Previous Expedition 34 station commander Kevin Ford, of NASA, Oleg Novitskiy and Evgeny Tarelkin undocked from the space station at 7:43 p.m., EDT, orbiting the Earth in their Soyuz capsule until a 10:13 p.m., EDT, braking maneuver initiated their descent. Their TMA-06M Soyuz capsule touched down at 11:11 p.m., EDT, or on March 16 at 9:11 a.m., Kazakh time, ending a 144-day flight that established new research milestones for the ISS.
NASA astronaut Kevin Ford, left, and Oleg Novitskiy are assisted by Russian recovery forces moments after touching down in wintry conditions in Kazakhstan late Friday. Russian recovery forces quickly greeted and assisted Ford, Novitskiy and Evgeny Tarelkin from their Soyuz capsule. Photo Credit: NASA TV
Plans for a March 14 descent were postponed by wintry conditions in the northern Kazkh landing zone that prevented staging of Russian helicopters with recovery forces. Conditions improved Friday, though frigid temperatures and a building cloud and fog mass returned, restricting visibility for the recovery teams.
Hadfield, a 53-year-old three flight veteran and retired Canadian Air Force colonel, will remain in charge of Expedition 35 through mid-May, when he descends to Earth with crew mates Tom Marshburn, of NASA, and Russian cosmonaut Roman Romanenko.
Hadfield joins the European Space Agency's Frank De Winne, of Belgium as the only non-American and non-Russian to command the six-person orbiting science laboratory.
"It will be fantastic for the whole program, as a community, to have him as the commander," said Ford, Expedition 34 commander, in a brief ceremony on Wednesday marking the transition of supervision to Hadfield. "He's well deserving of the honor."

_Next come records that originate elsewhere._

lemma pderiv_char_poly_pos:
  assumes "in_root_interval r"
  shows "0 < poly (pderiv (map_poly of_int char_poly)) r"
proof -
  have "0 < fst (horner_enclosure (coeffs (pderiv char_poly)) (2 ^ 10) (2 ^ 10) 2025 2026)"
    by code_simp
  then show ?thesis
    unfolding map_poly_of_int_pderiv[symmetric]
    by (rule poly_pos_by_enclosure) (use assms in simp_all)
qed

(* The initial values a(0), ..., a(17) enter through quotient_prefix to keep this executable. *)
definition limit_num :: "int poly" where
  "limit_num = (let as = quotient_prefix (cont_num 1 1) cont_den 18
     in \<Sum>j<18. smult (as ! j) (poly_shift (Suc j) char_poly))"

lemma lin_rec_synthetic_div_a_count:
  "lin_rec (synthetic_div (map_poly of_int char_poly) r) (\<lambda>k. real (a_count k)) 0 =
     poly (map_poly of_int limit_num) r"
proof -
  have "map_poly of_int limit_num =
      (\<Sum>j<18. smult (real (a_count j)) (poly_shift (Suc j) (map_poly of_int char_poly)))"
    unfolding limit_num_def Let_def map_poly_of_int_sum map_poly_of_int_smult map_poly_of_int_poly_shift
      a_count_prefix
    by (intro sum.cong) auto
  then show ?thesis
    by (simp add: lin_rec_synthetic_div_at_0 degree_map_poly_of_int degree_char_poly)
qed

lemma limit_const_bounds:
  assumes "in_root_interval r"
  defines "c \<equiv> poly (map_poly of_int limit_num) r / poly (pderiv (map_poly of_int char_poly)) r"
  shows "0.54805291269 \<le> c" and "c < 0.54805291270"
proof -
  define eN where "eN = horner_enclosure (coeffs limit_num) (2 ^ 66) (2 ^ 54) 35634853602129449 35634853602129450"
  define eD where "eD = horner_enclosure (coeffs (pderiv char_poly)) (2 ^ 66) (2 ^ 54) 35634853602129449 35634853602129450"
  have "0 < fst eD \<and> 54805291269 * snd eD \<le> 100000000000 * fst eN
      \<and> 100000000000 * snd eN < 54805291270 * fst eD"
    unfolding eN_def eD_def by code_simp
  then have check: "0 < real_of_int (fst eD)"
    "54805291269 * real_of_int (snd eD) \<le> 100000000000 * real_of_int (fst eN)"
    "100000000000 * real_of_int (snd eN) < 54805291270 * real_of_int (fst eD)"
    by (simp_all flip: of_int_mult of_int_le_iff of_int_less_iff)
  define N where "N = 2 ^ 66 * poly (map_poly real_of_int limit_num) r"
  define D where "D = 2 ^ 66 * poly (map_poly real_of_int (pderiv char_poly)) r"
  have bounds: "of_int (fst eN) \<le> N" "N \<le> of_int (snd eN)" "of_int (fst eD) \<le> D" "D \<le> of_int (snd eD)"
    using poly_enclosure[of 35634853602129449 "2 ^ 54" r 35634853602129450, where S = "2 ^ 66"]
      assms(1)
    by (simp_all add: eN_def eD_def N_def D_def)
  have c_eq: "c = N / D"
    by (simp add: c_def N_def D_def map_poly_of_int_pderiv)
  have "0 < D"
    using check(1) bounds(3) by linarith
  moreover have "54805291269 * D \<le> 100000000000 * N"
    using check(2) bounds(1,4) by linarith
  moreover have "100000000000 * N < 54805291270 * D"
    using check(3) bounds(2,3) by linarith
  ultimately show "0.54805291269 \<le> c" and "c < 0.54805291270"
    unfolding c_eq by (simp_all add: field_simps)
qed
(* For every integer $n\ge2$, \[ Q_n(x)=\sum_{j=0}^{\lfloor n/2\rfloor}Y(n-j,j)(1+x)^j=\sum_{j=0}^{\lfloor n/2\rfloor}\left(\binom{n-j}{j}+\binom{n-j-1}{j-1}\right)(1+x)^j . \]
   Context: For $n\ge1$ let $\Xi_n$ be the poset on $\{x_1,\dots,x_n\}$ whose cover relations are exactly: $x_2\prec x_1$, $x_3\prec x_2$, and for $3\le i\le n-1$, $x_i\prec x_{i+1}$ if $i$ is odd and $x_{i+1}\prec x_i$ if $i$ is even (so $x_1>x_2>x_3<x_4>x_5<\cdots$). A filter of a poset is an up-closed subset. The matchable Lucas cube $\Omega_n$ is the graph whose vertices are the filters of $\Xi_n$, two filters adjacent iff one is obtained from the other by deleting a single element. $q_{n,k}$ denotes the number of induced subgraphs of $\Omega_n$ isomorphic to the $k$-dimensional hypercube, and $Q_n(x)=\sum_{k\ge0}q_{n,k}x^k$. The Lucas triangle is $Y(n,k)=\binom nk+\binom{n-1}{k-1}$ for $0\le k\le n$ (binomial coefficients with negative lower index are $0$ except that $\binom{-1}{-1}=1$). *)

theory Defs
  imports Main "HOL-Computational_Algebra.Formal_Power_Series"
begin

text \<open>Cover relations of the poset Xi_n on the elements 1..n (element i stands for x_i).
  A pair (a,b) means x_a is covered by x_b, i.e. x_a \<prec> x_b.\<close>
definition xi_cover :: "nat \<Rightarrow> (nat \<times> nat) set" where
  "xi_cover n =
     {(2,1) | _::unit. 2 \<le> n} \<union> {(3,2) | _::unit. 3 \<le> n}
     \<union> {(i, i+1) | i. 3 \<le> i \<and> i \<le> n - 1 \<and> odd i}
     \<union> {(i+1, i) | i. 3 \<le> i \<and> i \<le> n - 1 \<and> even i}"

definition xi_le :: "nat \<Rightarrow> nat \<Rightarrow> nat \<Rightarrow> bool" where
  "xi_le n a b \<longleftrightarrow> (a, b) \<in> (xi_cover n)\<^sup>*"

definition is_filter :: "nat \<Rightarrow> nat set \<Rightarrow> bool" where
  "is_filter n F \<longleftrightarrow> F \<subseteq> {1..n} \<and> (\<forall>a\<in>F. \<forall>b\<in>{1..n}. xi_le n a b \<longrightarrow> b \<in> F)"

definition filters :: "nat \<Rightarrow> nat set set" where
  "filters n = {F. is_filter n F}"

text \<open>Two sets are adjacent iff one is obtained from the other by deleting a single element.
  This is the adjacency of Omega_n on filters, and also of the hypercube on Pow {..<k}.\<close>
definition set_adj :: "'a set \<Rightarrow> 'a set \<Rightarrow> bool" where
  "set_adj F G \<longleftrightarrow> (\<exists>x\<in>F. G = F - {x}) \<or> (\<exists>x\<in>G. F = G - {x})"

definition induces_cube :: "nat \<Rightarrow> nat \<Rightarrow> nat set set \<Rightarrow> bool" where
  "induces_cube n k S \<longleftrightarrow> S \<subseteq> filters n \<and>
     (\<exists>f. bij_betw f (Pow {..<k}) S \<and>
          (\<forall>A\<in>Pow {..<k}. \<forall>B\<in>Pow {..<k}. set_adj A B \<longleftrightarrow> set_adj (f A) (f B)))"

definition q :: "nat \<Rightarrow> nat \<Rightarrow> nat" where
  "q n k = card {S. induces_cube n k S}"

text \<open>Q_n(x) as a formal power series (it is in fact a polynomial).\<close>
definition Qser :: "nat \<Rightarrow> nat fps" where
  "Qser n = Abs_fps (\<lambda>k. of_nat (q n k))"

definition binom :: "int \<Rightarrow> int \<Rightarrow> nat" where
  "binom a b = (if b < 0 then (if a = -1 \<and> b = -1 then 1 else 0)
                else if a < 0 then 0 else nat a choose nat b)"

definition Y :: "nat \<Rightarrow> nat \<Rightarrow> nat" where
  "Y m k = binom (int m) (int k) + binom (int m - 1) (int k - 1)"

end

(*
  An induced k-cube in the graph whose vertices are the filters of a finite poset (adjacent
  when they differ in one element) is exactly a Boolean interval {G - L..G} with card L = k
  all of whose members are filters, i.e. G is a filter and L is a set of minimal elements
  of G. Hence q(n,k) is the sum over all filters F of (card (minimal F) choose k). As
  F \<mapsto> minimal F is a bijection between filters and antichains, q(n,k) is the sum over j
  of a(n,j) * (j choose k), where a(n,j) is the number of j-element antichains; this is the
  coefficient of x^k in the sum of a(n,j) * (1 + x)^j.

  The antichains of Xi_n are the subsets of {1..n} without two consecutive elements that do
  not contain both 1 and 3. Splitting on whether n + 2 belongs to the antichain gives
  a(n+2,j+1) = a(n+1,j+1) + a(n,j) for n >= 2, the Pascal recurrence of the Lucas triangle,
  and checking n = 2, 3 directly gives a(n,j) = Y(n-j,j), which vanishes for j > n div 2.
*)

theory Submission
  imports Defs
begin

section \<open>Induced hypercubes in families of sets\<close>

definition induced_cube :: "'a set set \<Rightarrow> nat \<Rightarrow> 'a set set \<Rightarrow> bool" where
  "induced_cube \<F> k S \<longleftrightarrow> S \<subseteq> \<F> \<and>
     (\<exists>f. bij_betw f (Pow {..<k}) S \<and>
          (\<forall>A\<in>Pow {..<k}. \<forall>B\<in>Pow {..<k}. set_adj A B \<longleftrightarrow> set_adj (f A) (f B)))"

lemma set_adj_iff_card_sym_diff: "set_adj X V \<longleftrightarrow> card (sym_diff X V) = 1"
proof
  assume "set_adj X V"
  then consider x where "x \<in> X" "V = X - {x}" | x where "x \<in> V" "X = V - {x}"
    unfolding set_adj_def by blast
  then have "\<exists>x. sym_diff X V = {x}" by cases auto
  then show "card (sym_diff X V) = 1" by auto
next
  assume "card (sym_diff X V) = 1"
  then obtain u where u: "sym_diff X V = {u}" by (rule card_1_singletonE)
  show "set_adj X V"
  proof (cases "u \<in> X")
    case True
    with u have "V = X - {u}" unfolding set_eq_iff by (metis Diff_iff Un_iff singleton_iff)
    with True show ?thesis unfolding set_adj_def by blast
  next
    case False
    with u have "u \<in> V \<and> X = V - {u}" unfolding set_eq_iff by (metis Diff_iff Un_iff singleton_iff)
    then show ?thesis unfolding set_adj_def by blast
  qed
qed

lemma set_adj_sym_diff_left: "set_adj (sym_diff Z X) (sym_diff Z V) \<longleftrightarrow> set_adj X V"
proof -
  have "sym_diff (sym_diff Z X) (sym_diff Z V) = sym_diff X V" by auto
  then show ?thesis by (simp add: set_adj_iff_card_sym_diff)
qed

lemma set_adj_Diff_left:
  assumes "X \<subseteq> G" "V \<subseteq> G"
  shows "set_adj (G - X) (G - V) \<longleftrightarrow> set_adj X V"
proof -
  have "sym_diff (G - X) (G - V) = sym_diff X V" using assms by auto
  then show ?thesis by (simp add: set_adj_iff_card_sym_diff)
qed

lemma set_adj_image:
  assumes "inj_on g (X \<union> V)"
  shows "set_adj (g ` X) (g ` V) \<longleftrightarrow> set_adj X V"
proof -
  have "sym_diff (g ` X) (g ` V) = g ` sym_diff X V"
    using assms unfolding inj_on_def by auto
  moreover have "inj_on g (sym_diff X V)" using assms by (rule inj_on_subset) auto
  ultimately show ?thesis by (simp add: set_adj_iff_card_sym_diff card_image)
qed

lemma set_adj_insert_cases:
  assumes "set_adj (insert a Z) V" "a \<notin> Z"
  obtains "V = Z"
    | x where "x \<in> Z" "V = insert a (Z - {x})"
    | x where "x \<notin> insert a Z" "V = insert x (insert a Z)"
proof -
  from assms(1) consider x where "x \<in> insert a Z" "V = insert a Z - {x}"
    | x where "x \<in> V" "insert a Z = V - {x}"
    unfolding set_adj_def by blast
  then show ?thesis
  proof cases
    case (1 x)
    show ?thesis
    proof (cases "x = a")
      case True
      with 1 assms(2) have "V = Z" by simp
      then show ?thesis by (rule that(1))
    next
      case False
      with 1 have "x \<in> Z" "V = insert a (Z - {x})" by auto
      then show ?thesis by (rule that(2))
    qed
  next
    case (2 x)
    then have "x \<notin> insert a Z" "V = insert x (insert a Z)" by auto
    then show ?thesis by (rule that(3))
  qed
qed

lemma set_adj_insert_insert:
  assumes adj_a: "set_adj (insert a Z) V" and adj_b: "set_adj (insert b Z) V"
    and "a \<notin> Z" "b \<notin> Z" "a \<noteq> b" "V \<noteq> Z"
  shows "V = insert a (insert b Z)"
proof -
  have "b \<in> V"
    by (rule set_adj_insert_cases[OF adj_b \<open>b \<notin> Z\<close>]) (use \<open>V \<noteq> Z\<close> in auto)
  show ?thesis
    by (rule set_adj_insert_cases[OF adj_a \<open>a \<notin> Z\<close>]) (use assms \<open>b \<in> V\<close> in auto)
qed

lemma set_adj_image_Diff_Diff:
  assumes inj: "inj_on l A" and "i \<in> A" "j \<in> A" "i \<noteq> j"
    and "set_adj (l ` (A - {i})) V" "set_adj (l ` (A - {j})) V" "V \<noteq> l ` (A - {i, j})"
  shows "V = l ` A"
proof -
  define W where "W = l ` (A - {i, j})"
  have "l ` (A - {i}) = insert (l j) W" "l ` (A - {j}) = insert (l i) W"
    "l ` A = insert (l j) (insert (l i) W)"
    using assms(2-4) by (auto simp: W_def)
  moreover have "l i \<notin> W" "l j \<notin> W" "l j \<noteq> l i"
    using assms(2-4) by (auto simp: W_def inj_on_image_mem_iff[OF inj] inj_on_eq_iff[OF inj])
  ultimately show ?thesis
    using set_adj_insert_insert[of "l j" W V "l i"] assms(5-7) by (simp add: W_def)
qed
(* Let $q$ be a prime power, $n\ge1$, let $f(x)\in\mathbb{F}_{q^n}[x]$ be a permutation polynomial of $\mathbb{F}_{q^n}$, and let $h_1,\dots,h_n\in\mathbb{F}_q[x]$. For $a_1,\dots,a_n,v_1,\dots,v_n\in\mathbb{F}_{q^n}$, the polynomial $$F(x)=a_1h_1(\mathrm{Tr}(v_1f(x)))+\dots+a_nh_n(\mathrm{Tr}(v_nf(x)))$$ is a permutation polynomial of $\mathbb{F}_{q^n}$ if and only if (i) both $\{a_1,\dots,a_n\}$ and $\{v_1,\dots,v_n\}$ are bases of $\mathbb{F}_{q^n}$ over $\mathbb{F}_q$, and (ii) each $h_i$, $1\le i\le n$, is a permutation polynomial of $\mathbb{F}_q$.
   Context: $\mathrm{Tr}(x)=x+x^q+\dots+x^{q^{n-1}}$ is the trace from $\mathbb{F}_{q^n}$ to $\mathbb{F}_q$. A polynomial is a permutation polynomial of a finite field if the map it induces on that field is bijective. *)

theory Defs
  imports "HOL-Number_Theory.Number_Theory" "HOL-Computational_Algebra.Polynomial" "HOL-Library.Cardinality"
begin

text \<open>Ambient field K = F_{q^n} is a finite field type 'a with CARD('a) = q^n.
  The subfield F_q is the set of elements fixed by x \<mapsto> x^q.\<close>

definition base_field :: "nat \<Rightarrow> 'a::field set" where
  "base_field q = {x. x ^ q = x}"

definition trace_poly :: "nat \<Rightarrow> nat \<Rightarrow> 'a::comm_ring_1 poly" where
  "trace_poly q n = (\<Sum>i<n. monom 1 (q ^ i))"

definition is_basis_over :: "'a::field set \<Rightarrow> nat \<Rightarrow> (nat \<Rightarrow> 'a) \<Rightarrow> bool" where
  "is_basis_over Kq n a \<longleftrightarrow>
     (\<forall>c. (\<forall>i<n. c i \<in> Kq) \<and> (\<Sum>i<n. c i * a i) = 0 \<longrightarrow> (\<forall>i<n. c i = 0)) \<and>
     (\<forall>y. \<exists>c. (\<forall>i<n. c i \<in> Kq) \<and> y = (\<Sum>i<n. c i * a i))"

The formal transition of command awaited the actual departure of the Soyuz TMA-06M.
"The space station is humming with hundreds of experiments. It's a very healthy space ship because of the work you all put in," said Hadfield, the new Expedition 35 skipper. "It's a huge honor and privilege not only for me but also for all the the people at the Canadian Space Agency and my entire country."
Ford, Novitskiy and Tarelkin were joined quickly at their landing site northeast of Arkalyk by helicopter-borne Russian recovery forces with NASA flight surgeons. The three men were helped from their capsule and flown by helicopter to Kostanay following post-landing medical checks. Ford was to board a NASA jet for the Johnson Space Center in Houston, while Novitskiy and Tarelkin were flown to their training center at Star City, Russia.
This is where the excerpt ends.